=== What to work on ===
Scan the records for the string "eventually"; copy each line where it occurs.

=== Data shown ===
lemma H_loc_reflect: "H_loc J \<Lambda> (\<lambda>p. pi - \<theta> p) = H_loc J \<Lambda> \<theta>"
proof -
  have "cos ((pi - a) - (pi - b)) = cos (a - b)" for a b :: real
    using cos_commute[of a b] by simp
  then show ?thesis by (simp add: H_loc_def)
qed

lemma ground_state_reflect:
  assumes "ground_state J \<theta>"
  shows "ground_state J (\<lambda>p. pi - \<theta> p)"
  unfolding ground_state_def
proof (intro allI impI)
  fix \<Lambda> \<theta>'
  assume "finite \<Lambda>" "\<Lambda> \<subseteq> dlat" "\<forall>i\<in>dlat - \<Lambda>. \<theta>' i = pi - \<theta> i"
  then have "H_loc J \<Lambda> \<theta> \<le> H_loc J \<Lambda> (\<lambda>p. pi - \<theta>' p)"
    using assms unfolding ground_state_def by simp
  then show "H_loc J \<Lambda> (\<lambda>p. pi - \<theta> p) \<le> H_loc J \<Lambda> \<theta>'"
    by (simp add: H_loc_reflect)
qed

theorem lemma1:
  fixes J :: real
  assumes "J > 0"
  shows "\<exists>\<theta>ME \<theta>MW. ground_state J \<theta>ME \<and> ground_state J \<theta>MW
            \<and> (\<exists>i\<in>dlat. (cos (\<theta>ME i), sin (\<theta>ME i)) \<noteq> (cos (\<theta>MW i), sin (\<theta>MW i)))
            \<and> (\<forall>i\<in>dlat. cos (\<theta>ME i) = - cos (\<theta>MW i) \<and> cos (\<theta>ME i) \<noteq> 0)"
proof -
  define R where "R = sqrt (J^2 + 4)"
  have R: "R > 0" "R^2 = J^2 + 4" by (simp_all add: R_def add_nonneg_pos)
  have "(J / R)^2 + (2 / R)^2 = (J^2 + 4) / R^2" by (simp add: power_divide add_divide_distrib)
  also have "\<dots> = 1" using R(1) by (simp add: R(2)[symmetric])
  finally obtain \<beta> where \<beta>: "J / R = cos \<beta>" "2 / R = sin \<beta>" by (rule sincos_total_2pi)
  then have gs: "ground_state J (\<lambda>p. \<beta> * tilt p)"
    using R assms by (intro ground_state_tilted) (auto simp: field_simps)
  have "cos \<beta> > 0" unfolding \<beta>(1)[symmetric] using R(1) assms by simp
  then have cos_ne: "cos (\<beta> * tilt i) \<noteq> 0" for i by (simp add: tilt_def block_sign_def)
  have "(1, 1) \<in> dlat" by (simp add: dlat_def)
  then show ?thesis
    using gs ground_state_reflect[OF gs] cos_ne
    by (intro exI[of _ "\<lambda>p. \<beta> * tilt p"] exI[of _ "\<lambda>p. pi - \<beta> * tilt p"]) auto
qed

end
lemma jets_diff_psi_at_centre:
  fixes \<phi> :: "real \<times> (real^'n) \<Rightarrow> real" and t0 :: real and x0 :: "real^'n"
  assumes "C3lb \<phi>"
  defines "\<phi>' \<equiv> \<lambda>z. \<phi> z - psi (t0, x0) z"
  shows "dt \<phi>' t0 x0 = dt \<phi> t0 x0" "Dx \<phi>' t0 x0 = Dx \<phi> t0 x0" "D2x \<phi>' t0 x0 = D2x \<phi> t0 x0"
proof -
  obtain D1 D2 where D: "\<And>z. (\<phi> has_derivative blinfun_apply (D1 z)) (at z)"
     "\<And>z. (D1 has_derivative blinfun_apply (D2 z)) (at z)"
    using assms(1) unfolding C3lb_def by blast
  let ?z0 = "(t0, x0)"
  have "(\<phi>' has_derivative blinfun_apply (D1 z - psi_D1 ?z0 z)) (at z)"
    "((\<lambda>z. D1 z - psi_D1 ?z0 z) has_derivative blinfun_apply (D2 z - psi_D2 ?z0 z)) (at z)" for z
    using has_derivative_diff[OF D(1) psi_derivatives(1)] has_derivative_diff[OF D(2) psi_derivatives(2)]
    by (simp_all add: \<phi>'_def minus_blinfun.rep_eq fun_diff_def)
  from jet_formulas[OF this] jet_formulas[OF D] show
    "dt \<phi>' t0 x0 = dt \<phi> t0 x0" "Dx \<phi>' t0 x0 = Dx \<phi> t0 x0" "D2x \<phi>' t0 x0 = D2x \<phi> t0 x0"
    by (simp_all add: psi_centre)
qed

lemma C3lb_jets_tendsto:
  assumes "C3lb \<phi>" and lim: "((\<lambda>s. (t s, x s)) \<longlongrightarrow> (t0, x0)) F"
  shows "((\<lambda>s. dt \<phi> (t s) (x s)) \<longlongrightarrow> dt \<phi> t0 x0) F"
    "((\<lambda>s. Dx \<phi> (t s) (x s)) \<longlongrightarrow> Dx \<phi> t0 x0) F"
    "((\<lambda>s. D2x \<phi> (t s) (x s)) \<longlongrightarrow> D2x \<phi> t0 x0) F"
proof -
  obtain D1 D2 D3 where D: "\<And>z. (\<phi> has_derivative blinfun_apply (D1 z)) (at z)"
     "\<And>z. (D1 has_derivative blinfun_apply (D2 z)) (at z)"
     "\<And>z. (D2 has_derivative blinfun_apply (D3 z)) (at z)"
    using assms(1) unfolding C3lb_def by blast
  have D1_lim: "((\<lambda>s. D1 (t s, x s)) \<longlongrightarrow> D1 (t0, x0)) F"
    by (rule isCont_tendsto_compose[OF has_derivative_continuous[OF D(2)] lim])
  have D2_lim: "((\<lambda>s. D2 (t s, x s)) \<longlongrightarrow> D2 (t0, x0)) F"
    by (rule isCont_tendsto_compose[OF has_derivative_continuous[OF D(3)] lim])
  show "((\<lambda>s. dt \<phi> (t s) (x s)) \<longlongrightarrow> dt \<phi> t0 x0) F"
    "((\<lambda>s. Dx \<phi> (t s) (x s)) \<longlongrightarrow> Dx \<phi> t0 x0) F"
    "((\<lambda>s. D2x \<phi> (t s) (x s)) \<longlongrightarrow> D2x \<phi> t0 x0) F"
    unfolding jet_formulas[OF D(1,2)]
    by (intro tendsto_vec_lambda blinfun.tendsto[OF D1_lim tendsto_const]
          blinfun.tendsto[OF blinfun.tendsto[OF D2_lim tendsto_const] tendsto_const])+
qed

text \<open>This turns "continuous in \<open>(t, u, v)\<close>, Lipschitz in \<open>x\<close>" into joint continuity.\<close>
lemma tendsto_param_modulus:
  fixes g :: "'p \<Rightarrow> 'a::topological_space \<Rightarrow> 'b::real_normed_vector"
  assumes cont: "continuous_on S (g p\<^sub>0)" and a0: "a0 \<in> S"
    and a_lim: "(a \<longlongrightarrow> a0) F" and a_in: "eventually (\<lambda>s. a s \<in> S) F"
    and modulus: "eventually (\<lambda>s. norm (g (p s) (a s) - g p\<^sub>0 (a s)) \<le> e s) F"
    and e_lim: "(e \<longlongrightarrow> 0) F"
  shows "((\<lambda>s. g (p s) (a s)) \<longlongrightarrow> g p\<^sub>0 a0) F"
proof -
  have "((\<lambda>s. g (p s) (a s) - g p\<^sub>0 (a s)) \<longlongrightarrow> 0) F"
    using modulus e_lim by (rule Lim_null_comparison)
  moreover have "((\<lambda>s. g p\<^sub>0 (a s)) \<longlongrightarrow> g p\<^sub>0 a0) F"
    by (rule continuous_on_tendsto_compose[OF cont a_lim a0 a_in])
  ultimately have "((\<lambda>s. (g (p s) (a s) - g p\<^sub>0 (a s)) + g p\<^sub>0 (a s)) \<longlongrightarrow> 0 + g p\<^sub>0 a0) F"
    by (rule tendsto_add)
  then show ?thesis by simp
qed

=== Worked solution ===
    and a_lim: "(a \<longlongrightarrow> a0) F" and a_in: "eventually (\<lambda>s. a s \<in> S) F"
    and modulus: "eventually (\<lambda>s. norm (g (p s) (a s) - g p\<^sub>0 (a s)) \<le> e s) F"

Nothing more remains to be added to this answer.